Sally’s Apizza, the New Haven fixture celebrated for its coal-charred pies, is gearing up for a big push into Texas, with 45 locations marked on the brand’s internal expansion map. That would be the biggest single-state share in a nationwide rollout, the company says could eventually reach hundreds of restaurants. It would also mark a real shift for Texas diners, where New Haven-style apizza has mostly been limited to a few specialty spots. So far, the company has not released a public timetable or a list of specific Texas cities where it plans to open.

The company’s development documents outline an initial roadmap for 255 restaurants across 12 states and sketch a long-term goal of roughly 1,000 locations, according to CT Insider. In an interview with that outlet, Sally’s brand adviser Christian Bonaventura said the strategy includes a smaller, 3,000-square-foot strip-mall build intended to scale the concept while preserving its core menu and coal-fired cooking methods.

Texas Allotment Means Big Opportunity

Texas gets the largest planned slice of that growth, with 45 locations on the map, a figure first highlighted in local coverage by MySA, which notes the state total exceeds any other on the company’s chart. MySA also reports that Sally’s expects to roughly double its overall footprint to about 16 locations by the end of 2026 as it accelerates near-term openings.

How This Could Land In Dallas-Fort Worth

If even a fraction of those Texas units land in North Texas, it would change the local pizza landscape. New Haven-style apizza is still a rarity in Dallas-Fort Worth. Fortunate Son in downtown Garland is one of the few spots turning out a similarly charred, thin-crust pie, and it pulled an 8.1 from Dave Portnoy during his One Bite review. Coverage of that stop was documented by CultureMap, which detailed how the visit sent extra attention the shop’s way.

From One Oven To A Nationwide Plan

The original Wooster Street storefront that launched Sally’s dates to 1938, and the brand’s shift into multi-unit growth picked up after its 2017 sale to Lineage Hospitality. Reporting and company materials indicate Sally’s has since expanded from a single New Haven address to several locations in Connecticut and Massachusetts, with additional announced openings that would bring it close to double-digit size by the end of 2026, according to CT Insider.

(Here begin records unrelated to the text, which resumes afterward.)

(* Let $\Phi$ be a commutative ring with unity, $\Delta=\{\delta_1,\ldots,\delta_m\}$ a basic set of derivation operators, $A=\Phi\{x_1,\ldots,x_n\}$, and let $I$ be the differential ideal of $A$ generated by $f_1,\ldots,f_r\in A$. Let $B=\Phi\{x_1,\ldots,x_n,t\}$ with one more differential variable $t$, and identify $A$ with the corresponding differential subalgebra of $B$. Let $S_I$ be the differential subalgebra of $B$ generated by $$x_1,\ldots,x_n,\ \delta_1(t),\ldots,\delta_m(t),\ tf_1,\ldots,tf_r.$$ Then for every $f\in A$: $f\in I$ if and only if $tf\in S_I$.
   Context: $\Phi$ is regarded as a differential ring with all $\delta_l$ acting as zero. The differential polynomial ring $\Phi\{y_1,\ldots,y_k\}$ is the polynomial ring over $\Phi$ in the algebraically independent variables $\theta(y_i)$, where $\theta=\delta_1^{j_1}\cdots\delta_m^{j_m}$ ranges over the free commutative monoid generated by $\Delta$, with each $\delta_l$ the derivation determined by $\delta_l(\theta(y_i))=(\delta_l\theta)(y_i)$, $\delta_l(\Phi)=0$. A differential ideal is an ideal closed under all $\delta_l$; the differential subalgebra generated by a set is the smallest $\Phi$-subalgebra with unity containing it and closed under all $\delta_l$. *)

theory Defs
  imports Main "HOL-Library.Poly_Mapping"
begin

text \<open>Differential variables theta(y_i) are pairs (i, theta), where theta is a
finitely supported exponent vector (key l stands for delta_(l+1)).\<close>

type_synonym dvar = "nat \<times> (nat \<Rightarrow>\<^sub>0 nat)"
type_synonym 'a dpoly = "(dvar \<Rightarrow>\<^sub>0 nat) \<Rightarrow>\<^sub>0 'a"

definition dX :: "nat \<Rightarrow> (nat \<Rightarrow>\<^sub>0 nat) \<Rightarrow> 'a::comm_ring_1 dpoly" where
  "dX i \<theta> = Poly_Mapping.single (Poly_Mapping.single (i, \<theta>) 1) 1"

definition dconst :: "'a::comm_ring_1 \<Rightarrow> 'a dpoly" where
  "dconst c = Poly_Mapping.single 0 c"

definition dring :: "nat \<Rightarrow> nat \<Rightarrow> 'a::comm_ring_1 dpoly set" where
  "dring m k = {p. \<forall>mon\<in>Poly_Mapping.keys (p :: 'a dpoly). \<forall>v\<in>Poly_Mapping.keys mon. fst v < k \<and> Poly_Mapping.keys (snd v) \<subseteq> {..<m}}"

text \<open>The derivation delta_l: Phi-linear, Leibniz rule, and
delta_l(theta(y_i)) = (delta_l theta)(y_i).\<close>
definition dderiv :: "nat \<Rightarrow> 'a::comm_ring_1 dpoly \<Rightarrow> 'a dpoly" where
  "dderiv l p = (\<Sum>mon\<in>Poly_Mapping.keys (p :: 'a dpoly). \<Sum>v\<in>Poly_Mapping.keys mon.
      Poly_Mapping.single (mon - Poly_Mapping.single v 1)
        (Poly_Mapping.lookup p mon * of_nat (Poly_Mapping.lookup mon v))
      * dX (fst v) (snd v + Poly_Mapping.single l 1))"

inductive_set diff_ideal :: "nat \<Rightarrow> nat \<Rightarrow> 'a::comm_ring_1 dpoly set \<Rightarrow> 'a dpoly set"
  for m k F where
  gen: "f \<in> F \<Longrightarrow> f \<in> diff_ideal m k F"
| zero: "0 \<in> diff_ideal m k F"
| add: "a \<in> diff_ideal m k F \<Longrightarrow> b \<in> diff_ideal m k F \<Longrightarrow> a + b \<in> diff_ideal m k F"
| mult: "a \<in> diff_ideal m k F \<Longrightarrow> r \<in> dring m k \<Longrightarrow> r * a \<in> diff_ideal m k F"
| deriv: "a \<in> diff_ideal m k F \<Longrightarrow> l < m \<Longrightarrow> dderiv l a \<in> diff_ideal m k F"

inductive_set diff_subalg :: "nat \<Rightarrow> 'a::comm_ring_1 dpoly set \<Rightarrow> 'a dpoly set"
  for m G where
  gen: "g \<in> G \<Longrightarrow> g \<in> diff_subalg m G"
| const: "dconst c \<in> diff_subalg m G"
| add: "a \<in> diff_subalg m G \<Longrightarrow> b \<in> diff_subalg m G \<Longrightarrow> a + b \<in> diff_subalg m G"
| mult: "a \<in> diff_subalg m G \<Longrightarrow> b \<in> diff_subalg m G \<Longrightarrow> a * b \<in> diff_subalg m G"
| deriv: "a \<in> diff_subalg m G \<Longrightarrow> l < m \<Longrightarrow> dderiv l a \<in> diff_subalg m G"

end

theory Submission
  imports Defs
begin

text \<open>Write \<open>t\<close> for the variable \<open>y\<^sub>n\<close>. If \<open>f \<in> I\<close>, then \<open>t f \<in> S\<^sub>I\<close> by induction over \<open>I\<close>: the
generators \<open>t f\<^sub>j\<close> lie in \<open>S\<^sub>I\<close>, multipliers from \<open>A\<close> lie in \<open>S\<^sub>I\<close> because the \<open>x\<^sub>i\<close> do, and
\<open>t \<delta>\<^sub>l f = \<delta>\<^sub>l (t f) - \<delta>\<^sub>l(t) f\<close>.

Conversely, replace \<open>t\<close> by a constant \<open>\<epsilon>\<close> with \<open>\<epsilon>\<^sup>2 = 0\<close>: a monomial free of \<open>t\<close> is kept,
a monomial whose only factor involving \<open>t\<close> is \<open>t\<close> itself becomes \<open>\<epsilon>\<close> times its quotient by
\<open>t\<close>, and every other monomial becomes \<open>0\<close>. This is a differential ring homomorphism
\<open>p \<mapsto> free_part p + \<epsilon> linear_coeff p\<close> from \<open>B\<close> to \<open>A[\<epsilon>]\<close>. It maps the generators of \<open>S\<^sub>I\<close>
into \<open>A + \<epsilon> I\<close>, a differential subalgebra because \<open>I\<close> is a differential ideal of \<open>A\<close>; hence
\<open>t f \<in> S\<^sub>I\<close> gives \<open>f = linear_coeff (t f) \<in> I\<close>.\<close>

lemma poly_mapping_sum_single:
  "(\<Sum>k\<in>Poly_Mapping.keys p. Poly_Mapping.single k (Poly_Mapping.lookup p k)) = p"
  by (rule poly_mapping_eqI) (auto simp: lookup_sum lookup_single when_def in_keys_iff)

lemma update_eq_add_single:
  "a \<notin> Poly_Mapping.keys f \<Longrightarrow> Poly_Mapping.update a b f = f + Poly_Mapping.single a b"
  by (intro poly_mapping_eqI) (auto simp: lookup_update lookup_add lookup_single in_keys_iff when_def)

lemma poly_mapping_induct [case_names zero single add]:
  fixes p :: "'a \<Rightarrow>\<^sub>0 'b::comm_monoid_add"
  assumes "P 0" and "\<And>a c. P (Poly_Mapping.single a c)" and "\<And>p q. P p \<Longrightarrow> P q \<Longrightarrow> P (p + q)"
  shows "P p"
  by (induction p rule: update_induct) (simp_all add: assms update_eq_add_single)

lemma poly_mapping_induct2 [case_names zero_left zero_right add_left add_right single]:
  fixes p :: "'a \<Rightarrow>\<^sub>0 'b::comm_monoid_add" and q :: "'c \<Rightarrow>\<^sub>0 'd::comm_monoid_add"
  assumes "\<And>q. P 0 q" and "\<And>p. P p 0"
    and "\<And>p1 p2 q. P p1 q \<Longrightarrow> P p2 q \<Longrightarrow> P (p1 + p2) q"
    and "\<And>p q1 q2. P p q1 \<Longrightarrow> P p q2 \<Longrightarrow> P p (q1 + q2)"
    and "\<And>a c b d. P (Poly_Mapping.single a c) (Poly_Mapping.single b d)"
  shows "P p q"
proof (induction p rule: poly_mapping_induct)
  case (single a c)
  show ?case by (induction q rule: poly_mapping_induct) (use assms in auto)
qed (use assms in auto)

lemma add_minus_single_left:
  "Poly_Mapping.lookup a v \<noteq> 0 \<Longrightarrow> a + b - Poly_Mapping.single v 1 = (a - Poly_Mapping.single v 1) + (b :: 'x \<Rightarrow>\<^sub>0 nat)"
  by (intro poly_mapping_eqI) (auto simp: lookup_add lookup_minus lookup_single when_def)

lemma add_minus_single_right:
  "Poly_Mapping.lookup b v \<noteq> 0 \<Longrightarrow> a + b - Poly_Mapping.single v 1 = a + (b - Poly_Mapping.single v 1 :: 'x \<Rightarrow>\<^sub>0 nat)"
  by (intro poly_mapping_eqI) (auto simp: lookup_add lookup_minus lookup_single when_def)

lemma keys_minus_subset_nat: "Poly_Mapping.keys (a - b :: 'x \<Rightarrow>\<^sub>0 nat) \<subseteq> Poly_Mapping.keys a"
  by (auto simp: in_keys_iff lookup_minus)

section \<open>Derivations\<close>

definition dvar_deriv :: "nat \<Rightarrow> dvar \<Rightarrow> dvar" where
  "dvar_deriv l v = (fst v, snd v + Poly_Mapping.single l 1)"

lemma fst_dvar_deriv [simp]: "fst (dvar_deriv l v) = fst v"
  by (simp add: dvar_deriv_def)

lemma lookup_snd_dvar_deriv: "Poly_Mapping.lookup (snd (dvar_deriv l v)) l = Suc (Poly_Mapping.lookup (snd v) l)"
  by (simp add: dvar_deriv_def lookup_add)

lemma dvar_deriv_neq_self: "dvar_deriv l v \<noteq> v"
  by (metis lookup_snd_dvar_deriv n_not_Suc_n)

lemma snd_dvar_deriv_nonzero: "snd (dvar_deriv l v) \<noteq> 0"
  by (metis lookup_snd_dvar_deriv lookup_zero nat.distinct(1))

abbreviation deriv_term :: "nat \<Rightarrow> (dvar \<Rightarrow>\<^sub>0 nat) \<Rightarrow> dvar \<Rightarrow> dvar \<Rightarrow>\<^sub>0 nat" where
  "deriv_term l a v \<equiv> a - Poly_Mapping.single v 1 + Poly_Mapping.single (dvar_deriv l v) 1"

lemma dderiv_add: "dderiv l (p + q) = dderiv l p + dderiv l q"
  unfolding dderiv_def
  by (rule setsum_keys_plus_distrib) (simp_all add: single_add distrib_right sum.distrib)

lemma dderiv_zero [simp]: "dderiv l 0 = 0"
  by (simp add: dderiv_def)

lemma dderiv_single:
  "dderiv l (Poly_Mapping.single a c :: 'a::comm_ring_1 dpoly) =
     (\<Sum>v\<in>Poly_Mapping.keys a. Poly_Mapping.single (deriv_term l a v) (c * of_nat (Poly_Mapping.lookup a v)))"
  by (simp add: dderiv_def dX_def mult_single dvar_deriv_def)

lemma dderiv_dX: "dderiv l (dX i \<theta> :: 'a::comm_ring_1 dpoly) = dX i (\<theta> + Poly_Mapping.single l 1)"
  by (simp add: dX_def dderiv_single dvar_deriv_def)

text \<open>If \<open>v\<close> does not occur in \<open>a\<close> (resp. \<open>b\<close>), the truncated subtraction is harmless
because the coefficient vanishes.\<close>

lemma dderiv_mult_single_term:
  fixes a b w :: "dvar \<Rightarrow>\<^sub>0 nat" and c d :: "'a::comm_ring_1"
  shows "Poly_Mapping.single (a + b - Poly_Mapping.single v 1 + w)
       (c * d * of_nat (Poly_Mapping.lookup a v + Poly_Mapping.lookup b v))
     = Poly_Mapping.single (a - Poly_Mapping.single v 1 + w + b) (c * of_nat (Poly_Mapping.lookup a v) * d)
     + Poly_Mapping.single (a + (b - Poly_Mapping.single v 1 + w)) (c * d * of_nat (Poly_Mapping.lookup b v))"
proof -
  have left: "Poly_Mapping.single (a - Poly_Mapping.single v 1 + w + b) (c * of_nat (Poly_Mapping.lookup a v) * d)
      = Poly_Mapping.single (a + b - Poly_Mapping.single v 1 + w) (c * d * of_nat (Poly_Mapping.lookup a v))"
    using add_minus_single_left[of a v b] by (cases "Poly_Mapping.lookup a v = 0") (simp_all add: ac_simps)
  have right: "Poly_Mapping.single (a + (b - Poly_Mapping.single v 1 + w)) (c * d * of_nat (Poly_Mapping.lookup b v))
      = Poly_Mapping.single (a + b - Poly_Mapping.single v 1 + w) (c * d * of_nat (Poly_Mapping.lookup b v))"
    using add_minus_single_right[of b v a] by (cases "Poly_Mapping.lookup b v = 0") (simp_all add: ac_simps)
  show ?thesis
    unfolding left right by (simp add: single_add[symmetric] distrib_left)
qed

lemma dderiv_mult_single:
  fixes a b :: "dvar \<Rightarrow>\<^sub>0 nat" and c d :: "'a::comm_ring_1"
  shows "dderiv l (Poly_Mapping.single a c * Poly_Mapping.single b d) =
    dderiv l (Poly_Mapping.single a c) * Poly_Mapping.single b d +
    Poly_Mapping.single a c * dderiv l (Poly_Mapping.single b d)"
proof -
  let ?K = "Poly_Mapping.keys a \<union> Poly_Mapping.keys b"
  let ?w = "\<lambda>v. Poly_Mapping.single (dvar_deriv l v) (1::nat)"
  have keys_sum: "Poly_Mapping.keys (a + b) = ?K"
    by (auto simp: in_keys_iff lookup_add)
  have lhs: "dderiv l (Poly_Mapping.single a c * Poly_Mapping.single b d) =
    (\<Sum>v\<in>?K. Poly_Mapping.single (a + b - Poly_Mapping.single v 1 + ?w v)
       (c * d * of_nat (Poly_Mapping.lookup a v + Poly_Mapping.lookup b v)))"
    by (simp add: mult_single dderiv_single keys_sum lookup_add)
  have left: "dderiv l (Poly_Mapping.single a c) * Poly_Mapping.single b d =
    (\<Sum>v\<in>?K. Poly_Mapping.single (a - Poly_Mapping.single v 1 + ?w v + b) (c * of_nat (Poly_Mapping.lookup a v) * d))"
    by (simp add: dderiv_single sum_distrib_right mult_single)
       (rule sum.mono_neutral_left, auto simp: in_keys_iff)
  have right: "Poly_Mapping.single a c * dderiv l (Poly_Mapping.single b d) =
    (\<Sum>v\<in>?K. Poly_Mapping.single (a + (b - Poly_Mapping.single v 1 + ?w v)) (c * d * of_nat (Poly_Mapping.lookup b v)))"
    by (simp add: dderiv_single sum_distrib_left mult_single mult.assoc)
       (rule sum.mono_neutral_left, auto simp: in_keys_iff)
  show ?thesis
    unfolding lhs left right sum.distrib[symmetric] by (intro sum.cong refl dderiv_mult_single_term)
qed

lemma dderiv_mult: "dderiv l (p * q :: 'a::comm_ring_1 dpoly) = dderiv l p * q + p * dderiv l q"
  by (induction p q rule: poly_mapping_induct2)
     (simp_all add: dderiv_add dderiv_mult_single algebra_simps)

definition dring_monom :: "nat \<Rightarrow> nat \<Rightarrow> (dvar \<Rightarrow>\<^sub>0 nat) \<Rightarrow> bool" where
  "dring_monom m k a \<longleftrightarrow> (\<forall>v\<in>Poly_Mapping.keys a. fst v < k \<and> Poly_Mapping.keys (snd v) \<subseteq> {..<m})"

lemma dring_iff_monoms: "p \<in> dring m k \<longleftrightarrow> (\<forall>a\<in>Poly_Mapping.keys p. dring_monom m k a)"
  by (simp add: dring_def dring_monom_def)

lemma dring_monom_add: "dring_monom m k a \<Longrightarrow> dring_monom m k b \<Longrightarrow> dring_monom m k (a + b)"
  using keys_add[of a b] by (auto simp: dring_monom_def)

lemma dring_zero: "0 \<in> dring m k"
  by (simp add: dring_iff_monoms)

lemma dring_add: "p \<in> dring m k \<Longrightarrow> q \<in> dring m k \<Longrightarrow> p + q \<in> dring m k"
  using keys_add[of p q] by (auto simp: dring_iff_monoms)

Not everyone in the neighborhood pizza hierarchy is convinced that scaling a coal-oven, thin-crust product is simple. Executives at nearby competitors have publicly urged a slower, quality-first approach, a point highlighted in coverage by CT Post, which reported that Frank Pepe’s leadership welcomed Sally’s growth plans while emphasizing the training and consistency required to expand successfully.

What To Watch Next

With no specific Texas cities or opening dates yet announced, the earliest concrete clues are likely to show up in commercial real-estate listings, build-out permits, and franchise announcements across major Texas markets. One recent move that offers a preview of Sally’s rollout playbook is its Dorchester debut, which was tracked by Hoodline and shows how the chain approaches design, staffing, and neighborhood introductions.

For now, the Texas buildup reads more like a roadmap than a calendar. Still, the size of the planned Lone Star allotment suggests Sally’s and its backers are betting there is a broad national appetite for coal-kissed New Haven pies. If the company follows through, Texans could start spotting that style a lot more often in suburban shopping centers than they do today.